Capturing 54 Million Passwords with a Docker SSH Honeypot
The last couple of days I picked up on my ELK Stack a couple thousands of SSH Brute Force Attacks, so I decided I will just revisit my SSH Server configuration, and change my SSH Port to something else for the interim.
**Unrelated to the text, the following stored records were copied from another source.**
lemma Re_add_ge_of_quadratic_relation:
  fixes U D :: complex and k h m :: real
  assumes h: "0 < h"
    and rel: "D\<^sup>2 + of_real (k\<^sup>2) * U\<^sup>2 = of_real ((1 + k\<^sup>2) * h\<^sup>2)"
    and cone: "U - of_real h \<in> pos_cone m" and m: "m \<le> 1 / (4 * (1 + k\<^sup>2))"
  shows "Re U - h \<le> 2 * Re (U + D)"
proof -
  define x where "x = Re U - h"
  have x: "0 < x" and y: "\<bar>Im U\<bar> \<le> m * x" using cone by (auto simp: pos_cone_def x_def)
  have "0 \<le> m * x" using y by (meson abs_ge_zero order_trans)
  then have m0: "0 \<le> m" using x by (simp add: zero_le_mult_iff)
  have pos: "0 < 1 + k\<^sup>2" by (simp add: add_pos_nonneg)
  have "1 / (4 * (1 + k\<^sup>2)) \<le> 1" using pos by (simp add: field_simps)
  then have "m * x \<le> x" using m m0 x by (intro mult_left_le_one_le) auto
  then have "\<bar>Im U\<bar> \<le> x" using y by linarith
  then have Im_sq: "(Im U)\<^sup>2 \<le> x\<^sup>2" using x by (metis abs_le_square_iff abs_of_pos)
  have "k\<^sup>2 * m \<le> k\<^sup>2 * (1 / (4 * (1 + k\<^sup>2)))" using m by (intro mult_left_mono) auto
  also have "\<dots> \<le> 1 / 4" using pos by (simp add: field_simps)
  finally have km: "k\<^sup>2 * m \<le> 1 / 4" .
  have hx: "0 \<le> h * x" using h x by simp
  then have "h\<^sup>2 \<le> (h + x)\<^sup>2 - (Im U)\<^sup>2" unfolding power2_sum using Im_sq by linarith
  then have "k\<^sup>2 * h\<^sup>2 \<le> k\<^sup>2 * ((Re U)\<^sup>2 - (Im U)\<^sup>2)"
    by (intro mult_left_mono) (auto simp: x_def)
  then have Re_Q: "Re (D\<^sup>2) \<le> h\<^sup>2"
    using quadratic_relation_Re_Im(1)[OF rel] by (simp add: Re_power2 algebra_simps)
  have "\<bar>Im (D\<^sup>2)\<bar> / 2 = k\<^sup>2 * (h + x) * \<bar>Im U\<bar>"
    using quadratic_relation_Re_Im(2)[OF rel] x h by (simp add: Im_power2 abs_mult x_def algebra_simps)
  also have "\<dots> \<le> k\<^sup>2 * (h + x) * (m * x)" using y x h by (intro mult_left_mono) auto
  also have "\<dots> = (k\<^sup>2 * m) * ((h + x) * x)" by (simp add: algebra_simps)
  also have "\<dots> \<le> (h + x) * x / 4" using km x h by (simp add: mult_right_mono)
  finally have Im_Q: "\<bar>Im (D\<^sup>2)\<bar> / 2 \<le> (h + x) * x / 4" .
  have "max (Re (D\<^sup>2)) 0 \<le> h\<^sup>2" using Re_Q by simp
  then have "(Re D)\<^sup>2 \<le> h\<^sup>2 + (h + x) * x / 4" using Re_power2_le[of D] Im_Q by linarith
  also have "\<dots> \<le> (h + x / 2)\<^sup>2" using hx by (simp add: power2_eq_square algebra_simps)
  finally have "(Re D)\<^sup>2 \<le> (h + x / 2)\<^sup>2" .
  then have "\<bar>Re D\<bar> \<le> h + x / 2" using h x by (simp add: power2_le_iff_abs_le)
  then have "- Re D \<le> h + x / 2" by (simp add: abs_le_iff)
  moreover have "Re (U + D) = Re U + Re D" "Re U = h + x" by (simp_all add: x_def)
  ultimately show ?thesis by linarith
qed

lemma Im_add_le_if_Re_large:
  fixes U D :: complex and k c \<eta> m x T :: real
  assumes rel: "D\<^sup>2 + of_real (k\<^sup>2) * U\<^sup>2 = of_real c"
    and \<eta>: "0 < \<eta>" "\<eta> * Re U \<le> \<bar>Re D\<bar>" and U: "0 < Re U"
    and y: "\<bar>Im U\<bar> \<le> m * x" and x: "0 \<le> x" "x \<le> 2 * Re (U + D)"
    and m: "0 \<le> m" "2 * m * (\<eta> + k\<^sup>2) \<le> T * \<eta>"
  shows "\<bar>Im (U + D)\<bar> \<le> T * Re (U + D)"
proof -
  have "0 < \<eta> * Re U" using \<eta> U by simp
  then have D: "0 < \<bar>Re D\<bar>" using \<eta> by linarith
  have "\<bar>Re D\<bar> * \<bar>Im D\<bar> = k\<^sup>2 * Re U * \<bar>Im U\<bar>"
    using quadratic_relation_Re_Im(2)[OF rel] U by simp
  also have "\<dots> \<le> k\<^sup>2 * (\<bar>Re D\<bar> / \<eta>) * \<bar>Im U\<bar>"
    using \<eta> by (intro mult_right_mono mult_left_mono) (auto simp: field_simps)
  also have "\<dots> = \<bar>Re D\<bar> * (k\<^sup>2 / \<eta> * \<bar>Im U\<bar>)" by simp
  finally have "\<bar>Im D\<bar> \<le> k\<^sup>2 / \<eta> * \<bar>Im U\<bar>" using D by (rule mult_left_le_imp_le)
  then have "\<bar>Im (U + D)\<bar> \<le> \<bar>Im U\<bar> + k\<^sup>2 / \<eta> * \<bar>Im U\<bar>"
    using abs_triangle_ineq[of "Im U" "Im D"] by simp
  also have "\<dots> = (\<eta> + k\<^sup>2) / \<eta> * \<bar>Im U\<bar>" using \<eta> by (simp add: field_simps)
  also have "\<dots> \<le> (\<eta> + k\<^sup>2) / \<eta> * (m * x)"
    using y \<eta> by (intro mult_left_mono) auto
  also have "\<dots> \<le> (\<eta> + k\<^sup>2) / \<eta> * (m * (2 * Re (U + D)))"
    using x \<eta> m by (intro mult_left_mono) auto
  also have "\<dots> = (2 * m * (\<eta> + k\<^sup>2) / \<eta>) * Re (U + D)" by (simp add: field_simps)
  also have "\<dots> \<le> T * Re (U + D)"
    using m \<eta> x by (intro mult_right_mono) (auto simp: pos_divide_le_eq)
  finally show ?thesis .
qed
The dashboard that showed me the results at that point in time:
Then I decided I actually would like to setup a SSH Honeypot to listen on Port 22 and change my SSH Server to listen on 222 and capture their IP Addresses, Usernames and Passwords that they are trying to use and dump it all in a file so that I can build up my own password dictionary :D
SSH Configuration:
Changing the SSH Port:
$ sudo vim /etc/ssh/sshd_config
Change the port to 222:
Port 222
Restart the SSH Server:
$ sudo /etc/init.d/ssh restart
Verify that the SSH Server is running on the new port:
$ sudo netstat -tulpn | grep sshd
tcp 0 0 0.0.0.0:222 0.0.0.0:* LISTEN 28838/sshd
Docker SSH Honeypot:
Thanks to random-robbie, as he had everything I was looking for on Github.
Setup the SSH Honeypot:
$ git clone https://github.com/random-robbie/docker-ssh-honey
$ cd docker-ssh-honey/
$ docker build . -t local:ssh-honepot
$ docker run -itd --name ssh-honeypot -p 22:22 local:ssh-honepot
Once people attempt to ssh, you will get the output to stdout:
$ docker logs -f $(docker ps -f name=ssh-honeypot -q) | grep -v 'Error exchanging' | head -10
[Tue Jul 31 01:13:41 2018] ssh-honeypot 0.0.8 by Daniel Roberson started on port 22. PID 5
[Tue Jul 31 01:19:49 2018] 1xx.1xx.1xx.1x gambaa gambaa
[Tue Jul 31 01:23:26 2018] 1xx.9x.1xx.1xx root toor
[Tue Jul 31 01:25:57 2018] 1xx.2xx.1xx.1xx root Passw0rd1234
[Tue Jul 31 01:26:00 2018] 1xx.2xx.1xx.1xx root Qwer1234
[Tue Jul 31 01:26:00 2018] 1xx.2xx.1xx.1xx root Abcd1234
[Tue Jul 31 01:26:08 2018] 1xx.2xx.1xx.1xx root ubuntu
[Tue Jul 31 01:26:09 2018] 1xx.2xx.1xx.1xx root PassWord
[Tue Jul 31 01:26:10 2018] 1xx.2xx.1xx.1xx root password321
[Tue Jul 31 01:26:15 2018] 1xx.2xx.1xx.1xx root zxcvbnm
Saving results to disk:
Redirecting the output to a log file, running in the foreground as a screen session:
$ screen -S honeypot
$ docker logs -f f6cb | grep -v 'Error exchanging' | awk '{print $6, $7, $8}' >> /var/log/ssh-honeypot.log
Detach from your screen session:
Ctrl + a; d
Checking out the logs
$ head -3 /var/log/ssh-honeypot.log
2.7.2x.1x root jiefan
4x.7.2x.1x root HowAreYou
4x.7.2x.1x root Sqladmin
Leaving this running for a couple of months, and I have a massive password database:
$ wc -l /var/log/honeypot/ssh.log
54184260 /var/log/honeypot/ssh.log
That is correct, 54 million password attempts. 5372 Unique IPs, 4082 Unique Usernames, 88829 Unique Passwords.